Catchy title, no? Well, you're reading this...

Today, our legacy (and pretty comprehensive) Selenium tests for the Mozilla Add-ons website (both written in Python), were forced into retirement; the reason?: our previously-blogged-about AMO redesign--code-named "Impala"--went live for the homepage and the add-on detail pages.

New AMO homepage

Tests, of yore:

To be sure, the tests served us well for the past 14 months: when originally written, they covered nearly everything about the end-user experience (except for downloading an add-on, which we couldn't do with Selenium's original API).
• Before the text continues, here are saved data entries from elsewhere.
definition is_continuous_dist :: "(int^'n \<Rightarrow> complex) \<Rightarrow> bool" where
  "is_continuous_dist c \<longleftrightarrow> (\<exists>h. represents h c)"

text \<open>Linear shift-invariant operator with Fourier sequence Lh applied to f.\<close>
definition lsi :: "(int^'n \<Rightarrow> complex) \<Rightarrow> (int^'n \<Rightarrow> complex) \<Rightarrow> (int^'n \<Rightarrow> complex)" where
  "lsi Lh f = (\<lambda>k. Lh k * f k)"

text \<open>Adjoint operator: Fourier sequence is the conjugate.\<close>
definition adj :: "(int^'n \<Rightarrow> complex) \<Rightarrow> (int^'n \<Rightarrow> complex)" where
  "adj Lh = (\<lambda>k. cnj (Lh k))"

text \<open>Fourier sequence of the pseudoinverse.\<close>
definition pinv :: "(int^'n \<Rightarrow> complex) \<Rightarrow> (int^'n \<Rightarrow> complex)" where
  "pinv Lh = (\<lambda>k. if Lh k \<noteq> 0 then 1 / Lh k else 0)"

definition dirac_comb :: "int^'n \<Rightarrow> complex" where
  "dirac_comb = (\<lambda>k. 1)"

text \<open>Spline-admissible: L is LSI continuous (slowly growing symbol), its null space
{f. Lf = 0} = span {e_k : Lh k = 0} is finite-dimensional, and the pseudoinverse
(whose sequence is necessarily pinv Lh) is again LSI continuous, i.e. slowly growing.\<close>
definition spline_admissible :: "(int^'n \<Rightarrow> complex) \<Rightarrow> bool" where
  "spline_admissible Lh \<longleftrightarrow> slowly_growing Lh \<and> finite {k. Lh k = 0} \<and>
      slowly_growing (pinv Lh)"

definition sobolev :: "real \<Rightarrow> (int^'n \<Rightarrow> complex) \<Rightarrow> bool" where
  "sobolev \<tau> f \<longleftrightarrow> slowly_growing f \<and>
     (\<lambda>k. (1 + (knorm k)^2) powr \<tau> * (cmod (f k))^2) summable_on UNIV"

definition sobolev_norm :: "real \<Rightarrow> (int^'n \<Rightarrow> complex) \<Rightarrow> real" where
  "sobolev_norm \<tau> f = sqrt (\<Sum>\<^sub>\<infinity>k. (1 + (knorm k)^2) powr \<tau> * (cmod (f k))^2)"

definition proj_null_fun :: "(int^'n \<Rightarrow> complex) \<Rightarrow> (int^'n \<Rightarrow> complex) \<Rightarrow> real^'n \<Rightarrow> complex" where
  "proj_null_fun Lh g = (\<lambda>x. \<Sum>k\<in>{k. Lh k = 0}. g k * fexp k x)"

definition L2_norm_torus :: "(real^'n \<Rightarrow> complex) \<Rightarrow> real" where
  "L2_norm_torus h = sqrt ((1 / (2 * pi) ^ CARD('n)) * integral torus_cell (\<lambda>x. (cmod (h x))^2))"

definition in_CL :: "(int^'n \<Rightarrow> complex) \<Rightarrow> (int^'n \<Rightarrow> complex) \<Rightarrow> bool" where
  "in_CL Lh g \<longleftrightarrow> slowly_growing g \<and> is_continuous_dist (lsi (adj (pinv Lh)) g)"

definition CL_norm :: "(int^'n \<Rightarrow> complex) \<Rightarrow> (int^'n \<Rightarrow> complex) \<Rightarrow> real" where
  "CL_norm Lh g = sqrt ((SUP x\<in>UNIV. cmod ((SOME h. represents h (lsi (adj (pinv Lh)) g)) x))^2
                        + (L2_norm_torus (proj_null_fun Lh g))^2)"

text \<open>Continuous embedding H_2^{-tau} into C_L (for linear maps: inclusion plus boundedness).\<close>
definition sobolev_embeds_CL :: "real \<Rightarrow> (int^'n \<Rightarrow> complex) \<Rightarrow> bool" where
  "sobolev_embeds_CL \<tau> Lh \<longleftrightarrow>
     (\<forall>g. sobolev (-\<tau>) g \<longrightarrow> in_CL Lh g) \<and>
     (\<exists>C. \<forall>g. sobolev (-\<tau>) g \<longrightarrow> CL_norm Lh g \<le> C * sobolev_norm (-\<tau>) g)"

end

theory Submission
  imports Defs
begin

text \<open>The Fourier sequence of \<open>(L\<^sup>\<dagger>)\<^sup>* g\<close> is \<open>cnj (L\<^sup>\<dagger>[k]) g[k]\<close>. If
  \<open>\<Sum> (1 + |k|\<^sup>2)\<^sup>\<tau> |L\<^sup>\<dagger>[k]|\<^sup>2 < \<infinity>\<close>, a weighted Cauchy--Schwarz inequality shows that this
  sequence is absolutely summable, with \<open>\<ell>\<^sub>1\<close>-norm bounded by a multiple of the \<open>H\<^sup>-\<^sup>\<tau>\<close>-norm of
  \<open>g\<close>; hence it is the Fourier sequence of a uniformly convergent, continuous Fourier series,
  and the null-space component is a trigonometric polynomial. Conversely, for finite \<open>F\<close> the
  test sequence \<open>g[k] = (1 + |k|\<^sup>2)\<^sup>\<tau> L\<^sup>\<dagger>[k]\<close> on \<open>F\<close> is mapped to the trigonometric
  polynomial \<open>\<Sum>\<^sub>F s\<^sub>k e\<^sub>k\<close>, \<open>s\<^sub>k = (1 + |k|\<^sup>2)\<^sup>\<tau> |L\<^sup>\<dagger>[k]|\<^sup>2\<close>; its value at \<open>0\<close> is
  \<open>\<Sum>\<^sub>F s\<^sub>k\<close> while \<open>\<parallel>g\<parallel> = (\<Sum>\<^sub>F s\<^sub>k)\<^sup>1\<^sup>/\<^sup>2\<close>, so the embedding bounds all partial sums.
  Since the norm of \<open>C\<^sub>L\<close> refers to the continuous representative chosen by \<open>SOME\<close>, we also
  need that continuous periodic functions are determined by their Fourier coefficients; this
  follows from the Stone--Weierstrass theorem applied on the image of the torus under
  \<open>x \<mapsto> (cos x, sin x)\<close>. Finally, \<open>L\<^sup>\<dagger>\<close> applied to the Dirac comb has Fourier sequence \<open>L\<^sup>\<dagger>\<close>.\<close>

section \<open>Fourier exponentials and continuous periodic functions\<close>

lemma fexp_add: "fexp (j + k) x = fexp j x * fexp k x"
  by (simp add: fexp_def cis_mult distrib_left sum.distrib)

lemma fexp_uminus: "fexp (-k) x = cnj (fexp k x)"
  by (simp add: fexp_def cis_cnj sum_negf)

lemma fexp_diff: "fexp (j - k) x = fexp j x * cnj (fexp k x)"
  using fexp_add[of j "-k" x] by (simp add: fexp_uminus)

lemma fexp_0 [simp]: "fexp 0 x = 1"
  by (simp add: fexp_def)

lemma fexp_at_0 [simp]: "fexp k 0 = 1"
  by (simp add: fexp_def)

lemma norm_fexp [simp]: "cmod (fexp k x) = 1"
  by (simp add: fexp_def)

lemma fexp_translate: "fexp k (x + v) = fexp k x * fexp k v"
  by (simp add: fexp_def cis_mult distrib_right sum.distrib)

lemma fexp_scaleR_axis: "fexp k (s *\<^sub>R axis i 1) = cis (s * of_int (k $ i))"
proof -
  have "(s *\<^sub>R axis i (1::real)) $ j * of_int (k $ j) = (if j = i then s * of_int (k $ i) else 0)" for j
    by (simp add: axis_def)
  then show ?thesis by (simp add: fexp_def)
qed

lemma fexp_axis_1: "fexp (axis i 1) x = cis (x $ i)"
proof -
  have "x $ j * of_int (axis i (1::int) $ j) = (if j = i then x $ i else 0)" for j
    by (simp add: axis_def)
  then show ?thesis by (simp add: fexp_def)
qed

lemma fexp_periodic: "fexp k (x + (2 * pi) *\<^sub>R axis i 1) = fexp k x"
proof -
  have "cis (2 * pi * of_int (k $ i)) = 1" by (rule cis_multiple_2pi) simp
  then show ?thesis by (simp add: fexp_translate fexp_scaleR_axis)
qed

lemma continuous_on_fexp: "continuous_on S (fexp k)"
  unfolding fexp_def by (intro continuous_intros)

lemma periodic_cont_shift_nat:
  assumes "periodic_cont h"
  shows "h (x + (2 * pi * real m) *\<^sub>R axis i 1) = h x"
proof (induction m arbitrary: x)
  case (Suc m)
  have "x + (2 * pi * real (Suc m)) *\<^sub>R axis i 1 = (x + (2 * pi * real m) *\<^sub>R axis i 1) + (2 * pi) *\<^sub>R axis i 1"
    by (simp add: algebra_simps scaleR_add_left)
  also have "h \<dots> = h (x + (2 * pi * real m) *\<^sub>R axis i 1)"
    using assms by (simp add: periodic_cont_def)
  finally show ?case using Suc.IH by simp
qed simp

lemma periodic_cont_shift_int:
  assumes "periodic_cont h"
  shows "h (x + (2 * pi * of_int m) *\<^sub>R axis i 1) = h x"
proof (cases "m \<ge> 0")
  case True
  then show ?thesis using periodic_cont_shift_nat[OF assms, of x "nat m"] by simp
next
  case False
  define y where "y = x + (2 * pi * of_int m) *\<^sub>R axis i 1"
  have "x = y + (2 * pi * real (nat (- m))) *\<^sub>R axis i 1"
    using False by (simp add: y_def)
  then have "h x = h y"
    using periodic_cont_shift_nat[OF assms, of y "nat (- m)" i] by simp
  then show ?thesis by (simp add: y_def)
qed

lemma periodic_cont_shift_lattice:
  assumes "periodic_cont h"
  shows "h (x + (\<chi> i. 2 * pi * of_int (n i))) = h x"
proof -
  have "h (x + (\<chi> i. if i \<in> A then 2 * pi * of_int (n i) else 0)) = h x" if "finite A" for A
    using that
  proof (induction A rule: finite_induct)
    case empty
    have "(\<chi> i. if i \<in> {} then 2 * pi * of_int (n i) else 0) = (0::real^'a)"
      by (simp add: vec_eq_iff)
    then show ?case by simp
  next
    case (insert a A)
    have "(\<chi> i. if i \<in> insert a A then 2 * pi * of_int (n i) else 0) =
          (\<chi> i. if i \<in> A then 2 * pi * of_int (n i) else 0) + (2 * pi * of_int (n a)) *\<^sub>R axis a (1::real)"
      using insert by (auto simp: vec_eq_iff axis_def)
    then show ?case using insert periodic_cont_shift_int[OF assms] by (simp add: add.assoc[symmetric])
  qed
  from this[of UNIV] show ?thesis by simp
qed

lemma periodic_cont_value_in_torus_cell:
  assumes "periodic_cont h"
  obtains y where "y \<in> torus_cell" "h x = h y"
proof -
  define n where "n i = \<lfloor>x $ i / (2 * pi)\<rfloor>" for i
  define y where "y = x - (\<chi> i. 2 * pi * of_int (n i))"
  have "y \<in> torus_cell"
    unfolding torus_cell_def mem_box_cart
  proof
    fix i
    have "of_int (n i) \<le> x $ i / (2 * pi)" "x $ i / (2 * pi) < of_int (n i) + 1"
      unfolding n_def by linarith+
    then have "2 * pi * of_int (n i) \<le> x $ i" "x $ i < 2 * pi * of_int (n i) + 2 * pi"
      using pi_gt_zero by (simp_all add: field_simps)
    then show "0 $ i \<le> y $ i \<and> y $ i \<le> (\<chi> i. 2 * pi) $ i" by (simp add: y_def)
  qed
  moreover have "h x = h y"
    using periodic_cont_shift_lattice[OF assms, of y n] by (simp add: y_def)
  ultimately show ?thesis by (rule that)
qed

lemma periodic_cont_bounded:
  assumes "periodic_cont h"
  obtains B where "\<And>x. cmod (h x) \<le> B"
proof -
  have "compact (h ` torus_cell)"
    using assms by (auto simp: periodic_cont_def torus_cell_def
        intro!: compact_continuous_image continuous_on_subset[of UNIV])
  then obtain B where B: "\<forall>y\<in>h ` torus_cell. cmod y \<le> B"
    by (meson compact_imp_bounded bounded_iff)
  have "cmod (h x) \<le> B" for x
  proof -
    obtain y where "y \<in> torus_cell" "h x = h y"
      using periodic_cont_value_in_torus_cell[OF assms] .
    then show ?thesis using B by simp
  qed
  then show ?thesis by (rule that)
qed

lemma periodic_cont_diff:
  "periodic_cont h \<Longrightarrow> periodic_cont g \<Longrightarrow> periodic_cont (\<lambda>x. h x - g x)"
  by (simp add: periodic_cont_def continuous_on_diff)

lemma periodic_cont_eqI:
  assumes "periodic_cont h" "periodic_cont g" "\<And>x. x \<in> torus_cell \<Longrightarrow> h x = g x"
  shows "h = g"
proof
  fix x
  obtain y where "y \<in> torus_cell" "h x - g x = h y - g y"
    using periodic_cont_value_in_torus_cell[OF periodic_cont_diff[OF assms(1,2)]] by blast
  then show "h x = g x" using assms(3) by simp
qed

section \<open>Integration over the fundamental cell\<close>

lemma continuous_integrable_on_torus_cell:
  "continuous_on UNIV (f :: real^'n \<Rightarrow> 'a::banach) \<Longrightarrow> f integrable_on torus_cell"
  unfolding torus_cell_def by (rule integrable_continuous) (auto intro: continuous_on_subset)

lemma content_torus_cell:
  "Henstock_Kurzweil_Integration.content (torus_cell :: (real^'n) set) = (2 * pi) ^ CARD('n)"
proof -
  have "torus_cell \<noteq> ({} :: (real^'n) set)"
    unfolding torus_cell_def by (auto simp: box_ne_empty(1) cart_eq_inner_axis[symmetric] Basis_vec_def)
  then show ?thesis unfolding torus_cell_def by (simp add: content_cbox_cart)
qed

lemma norm_integral_torus_cell_le:
  fixes f :: "real^'n \<Rightarrow> 'a::banach"
  assumes "continuous_on UNIV f" "\<And>x. x \<in> torus_cell \<Longrightarrow> norm (f x) \<le> B"
  shows "norm (integral torus_cell f) \<le> B * (2 * pi) ^ CARD('n)"
proof -
  have "0 \<in> (torus_cell :: (real^'n) set)"
    by (simp add: torus_cell_def mem_box_cart)
  then have "0 \<le> B" using assms(2) norm_ge_zero order_trans by blast
  moreover have "(f has_integral integral torus_cell f) torus_cell"
    using continuous_integrable_on_torus_cell[OF assms(1)] by (rule integrable_integral)
  ultimately show ?thesis
    using has_integral_bound[of B f "integral torus_cell f" 0 "\<chi> i. 2 * pi"] assms(2)
      content_torus_cell[where 'n='n]
    by (simp add: torus_cell_def)
qed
While not an exhaustive list by any means, we had tests for:


  • navigation, including breadcrumbs, the header/footer

  • locale/language picker options

  • switching application types (Firefox, SeaMonkey, Thunderbird, Sunbird, Mobile)
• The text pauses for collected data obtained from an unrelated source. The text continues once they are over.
(* Let $G$ be a persistent graph with vertex order $<$ and let $p,q,r\in V(G)$ with $p<q<r$. If $\{p,q\}\in E(G)$ and $\{p,r\}\in E(G)$ but $\{q,r\}\notin E(G)$, then $p$ and $q$ have a common neighbor $b\in V(G)$ with $q<b<r$.
   Context: A persistent graph is a graph $G$ together with a linear order $v_1<v_2<\dots<v_n$ on $V(G)$ such that (1) $\{v_i,v_{i+1}\}\in E(G)$ for all $i$; (2) X-property: for all $p<q<r<s$, if $\{p,r\}\in E(G)$ and $\{q,s\}\in E(G)$ then $\{p,s\}\in E(G)$; (3) bar-property: if $\{p,q\}\in E(G)$ and $p,q$ are not consecutive in the order, then there is a vertex $r$ with $p<r<q$ adjacent to both $p$ and $q$. *)

theory Defs
  imports Main
begin

(* The linear order on V(G) is the order of the ambient type restricted to V. *)
definition simple_graph :: "'a set \<Rightarrow> ('a \<Rightarrow> 'a \<Rightarrow> bool) \<Rightarrow> bool" where
  "simple_graph V E \<longleftrightarrow> finite V \<and>
     (\<forall>x y. E x y \<longrightarrow> x \<in> V \<and> y \<in> V) \<and>
     (\<forall>x y. E x y \<longrightarrow> E y x) \<and> (\<forall>x. \<not> E x x)"

definition consecutive :: "'a::linorder set \<Rightarrow> 'a \<Rightarrow> 'a \<Rightarrow> bool" where
  "consecutive V x y \<longleftrightarrow> x \<in> V \<and> y \<in> V \<and> x < y \<and> \<not> (\<exists>z\<in>V. x < z \<and> z < y)"

definition persistent :: "'a::linorder set \<Rightarrow> ('a \<Rightarrow> 'a \<Rightarrow> bool) \<Rightarrow> bool" where
  "persistent V E \<longleftrightarrow> simple_graph V E \<and>
     \<comment> \<open>(1) consecutive vertices are adjacent\<close>
     (\<forall>x y. consecutive V x y \<longrightarrow> E x y) \<and>
     \<comment> \<open>(2) X-property\<close>
     (\<forall>p\<in>V. \<forall>q\<in>V. \<forall>r\<in>V. \<forall>s\<in>V. p < q \<and> q < r \<and> r < s \<and> E p r \<and> E q s \<longrightarrow> E p s) \<and>
     \<comment> \<open>(3) bar-property\<close>
     (\<forall>p\<in>V. \<forall>q\<in>V. p < q \<and> E p q \<and> \<not> consecutive V p q \<longrightarrow>
        (\<exists>r\<in>V. p < r \<and> r < q \<and> E p r \<and> E r q))"

end

theory Submission
  imports Defs
begin

(* Let m be the first neighbour of p after q. The heart of the proof is that q and m are then
   adjacent, shown by induction on the number of vertices above p. The bar-property yields a
   neighbour of m in the interval (p, q]; take the largest one, a. If a < q, the last neighbour q'
   of a before m still lies in (a, q], for otherwise the X-property on p < a < q < q' would make
   q' a neighbour of p between q and m. As m is then the first neighbour of a after q', the induction
   hypothesis for a makes q' adjacent to m, contradicting the choice of a. Hence a = q. Finally
   m <= r, and m <> r because q is not adjacent to r. *)

lemma persistent_finite: "persistent V E \<Longrightarrow> finite V"
  unfolding persistent_def simple_graph_def by blast

lemma persistent_consecutive: "persistent V E \<Longrightarrow> consecutive V x y \<Longrightarrow> E x y"
  unfolding persistent_def by blast

lemma persistent_X:
  "\<lbrakk>persistent V E; p \<in> V; q \<in> V; r \<in> V; s \<in> V; p < q; q < r; r < s; E p r; E q s\<rbrakk>
    \<Longrightarrow> E p s"
  unfolding persistent_def by blast

lemma persistent_bar:
  "\<lbrakk>persistent V E; p \<in> V; q \<in> V; p < q; E p q; \<not> consecutive V p q\<rbrakk>
    \<Longrightarrow> \<exists>r\<in>V. p < r \<and> r < q \<and> E p r \<and> E r q"
  unfolding persistent_def by blast

lemma persistent_neighbour_above:
  assumes "persistent V E" "a \<in> V" "q \<in> V" "a < q"
  shows "\<exists>s\<in>V. a < s \<and> s \<le> q \<and> E a s"
proof -
  let ?S = "{x\<in>V. a < x}"
  have "finite ?S" using persistent_finite[OF assms(1)] by simp
  moreover have "q \<in> ?S" using assms by simp
  ultimately have s: "Min ?S \<in> ?S" "Min ?S \<le> q" and s_min: "\<And>x. x \<in> ?S \<Longrightarrow> Min ?S \<le> x"
    using Min_in Min_le by blast+
  have "consecutive V a (Min ?S)"
    unfolding consecutive_def using assms(2) s(1) s_min by (auto simp: not_less[symmetric])
  then show ?thesis using s persistent_consecutive[OF assms(1)] by blast
qed

lemma card_greater_strict_antimono:
  assumes "finite V" "a \<in> V" "p < (a::'a::linorder)"
  shows "card {x\<in>V. a < x} < card {x\<in>V. p < x}"
proof (rule psubset_card_mono)
  show "finite {x\<in>V. p < x}" using assms(1) by simp
  show "{x\<in>V. a < x} \<subset> {x\<in>V. p < x}" using assms(2,3) by auto
qed

lemma persistent_next_neighbour_adjacent:
  assumes "persistent V E" "p \<in> V" "q \<in> V" "m \<in> V" "p < q" "q < m" "E p q" "E p m"
    and "\<forall>x\<in>V. q < x \<and> x < m \<longrightarrow> \<not> E p x"
  shows "E q m"
  using assms(2-)
proof (induction "card {x\<in>V. p < x}" arbitrary: p q rule: less_induct)
  case less
  note P = assms(1)
  have fin: "finite V" using persistent_finite[OF P] .
  let ?A = "{a\<in>V. p < a \<and> a \<le> q \<and> E a m}"
  define a where "a = Max ?A"
  have "\<not> consecutive V p m" using less.prems unfolding consecutive_def by blast
  then obtain m1 where "m1 \<in> V" "p < m1" "m1 < m" "E p m1" "E m1 m"
    using persistent_bar[OF P less.prems(1,3)] less.prems by (meson less_trans)
  then have "m1 \<in> ?A" using less.prems(8) not_le by blast
  moreover have "finite ?A" using fin by simp
  ultimately have a: "a \<in> ?A" and a_max: "\<And>x. x \<in> ?A \<Longrightarrow> x \<le> a"
    unfolding a_def using Max_in Max_ge by blast+
  show "E q m"
  proof (rule ccontr)
    assume "\<not> E q m"
    with a have "a < q" by (auto simp: order_le_less)
    let ?B = "{x\<in>V. a < x \<and> x < m \<and> E a x}"
    define q' where "q' = Max ?B"
    obtain s where "s \<in> ?B"
      using persistent_neighbour_above[OF P _ less.prems(2) \<open>a < q\<close>] a less.prems(5) by force
    moreover have "finite ?B" using fin by simp
    ultimately have q': "q' \<in> ?B" and q'_max: "\<And>x. x \<in> ?B \<Longrightarrow> x \<le> q'"
      unfolding q'_def using Max_in Max_ge by blast+
    have "q' \<le> q"
    proof (rule ccontr)
      assume "\<not> q' \<le> q"
      then have "E p q'"
        using persistent_X[OF P less.prems(1) _ less.prems(2), of a q'] \<open>a < q\<close> a q' less.prems(6)
        by (auto simp: not_le)
      with \<open>\<not> q' \<le> q\<close> q' less.prems(8) show False by auto
    qed
    have "E q' m"
    proof (rule less.hyps)
      show "card {x\<in>V. a < x} < card {x\<in>V. p < x}" using card_greater_strict_antimono[OF fin] a by blast
      show "\<forall>x\<in>V. q' < x \<and> x < m \<longrightarrow> \<not> E a x"
      proof (intro ballI impI notI)
        fix x assume "x \<in> V" "q' < x \<and> x < m" "E a x"
        with q' have "x \<in> ?B" by auto
        with \<open>q' < x \<and> x < m\<close> q'_max show False by fastforce
      qed
    qed (use a q' less.prems(3) in auto)
    then have "q' \<in> ?A" using q' a \<open>q' \<le> q\<close> by auto
    with q' a_max show False by fastforce
  qed
qed

theorem lemma2:
  fixes V :: "'a::linorder set" and E :: "'a \<Rightarrow> 'a \<Rightarrow> bool"
  assumes "persistent V E"
    and "p \<in> V" and "q \<in> V" and "r \<in> V"
    and "p < q" and "q < r"
    and "E p q" and "E p r" and "\<not> E q r"
  shows "\<exists>b\<in>V. q < b \<and> b < r \<and> E p b \<and> E q b"
proof -
  let ?N = "{x\<in>V. q < x \<and> E p x}"
  define m where "m = Min ?N"
  have fin: "finite ?N" using persistent_finite[OF assms(1)] by simp
  have "r \<in> ?N" using assms by simp
  then have m: "m \<in> ?N" "m \<le> r" and m_min: "\<And>x. x \<in> ?N \<Longrightarrow> m \<le> x"
    using fin Min_in Min_le unfolding m_def by blast+
  have "E q m"
  proof (rule persistent_next_neighbour_adjacent[OF assms(1,2,3)])
    show "\<forall>x\<in>V. q < x \<and> x < m \<longrightarrow> \<not> E p x" using m_min by (auto simp: not_le[symmetric])
  qed (use m assms in auto)
  with assms(9) m have "m < r" by (auto simp: order_le_less)
  with m \<open>E q m\<close> show ?thesis by blast
qed

end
  • categories (appropriate for each application type)

  • login/logout

  • sorting and presence/correct DOM structure of add-ons (featured, most popular, top-rated)

  • reviews (posting, author attribution, cross-checking star ratings, as we found bugs in updating these across the various site aspects, via a cron)

  • collections (creation, tagging, deletion, etc.)

  • personas (again, different sort criteria was also covered)

  • search (popular, top-rated add-ons, substrings, negative tests, presence of personas/collections in search results, properly, etc.)

  • proper inclusion of Webtrends tagging

  • ?src= attributes on download links, to help ensure we didn't break our metrics/download-source tracking

  • ...and much, much more


...and then the testcase maintenance started:

  • we went through a few small redesigns, here and there (one of which was the header/footer, which for a brief time period we shared with Mozilla.com, around the launch of Firefox 4)

  • we changed where and when categories showed up, and their styling

  • we kept running into edge-cases with individual add-ons' metadata (titles, various attributes -- some valid bugs, some that our tests' routines just couldn't anticipate or deal well with, like Unicode)

  • A/B testing hit us, and we had to deal with sporadic failures we couldn't easily work around

  • ...and so many more aggravating failures, and subsequently, difficult refactoring attempts (most of which were abandoned)


Lessons learned (the hard way):


  • don't try to test everything, or even close to everything -- you really have to factor in a lot of time for testcase maintenance, even if your tests are well-written

  • keep tests as small as possible - test one thing at a time

  • on the same token, don't try to iterate over all data, unless you're trying to ascertain which cases to cover -- it'll just cost you test-execution time, and --again-- testcase maintenance (eventually, you'll either cut down the test iterations, or you'll give up and rewrite it)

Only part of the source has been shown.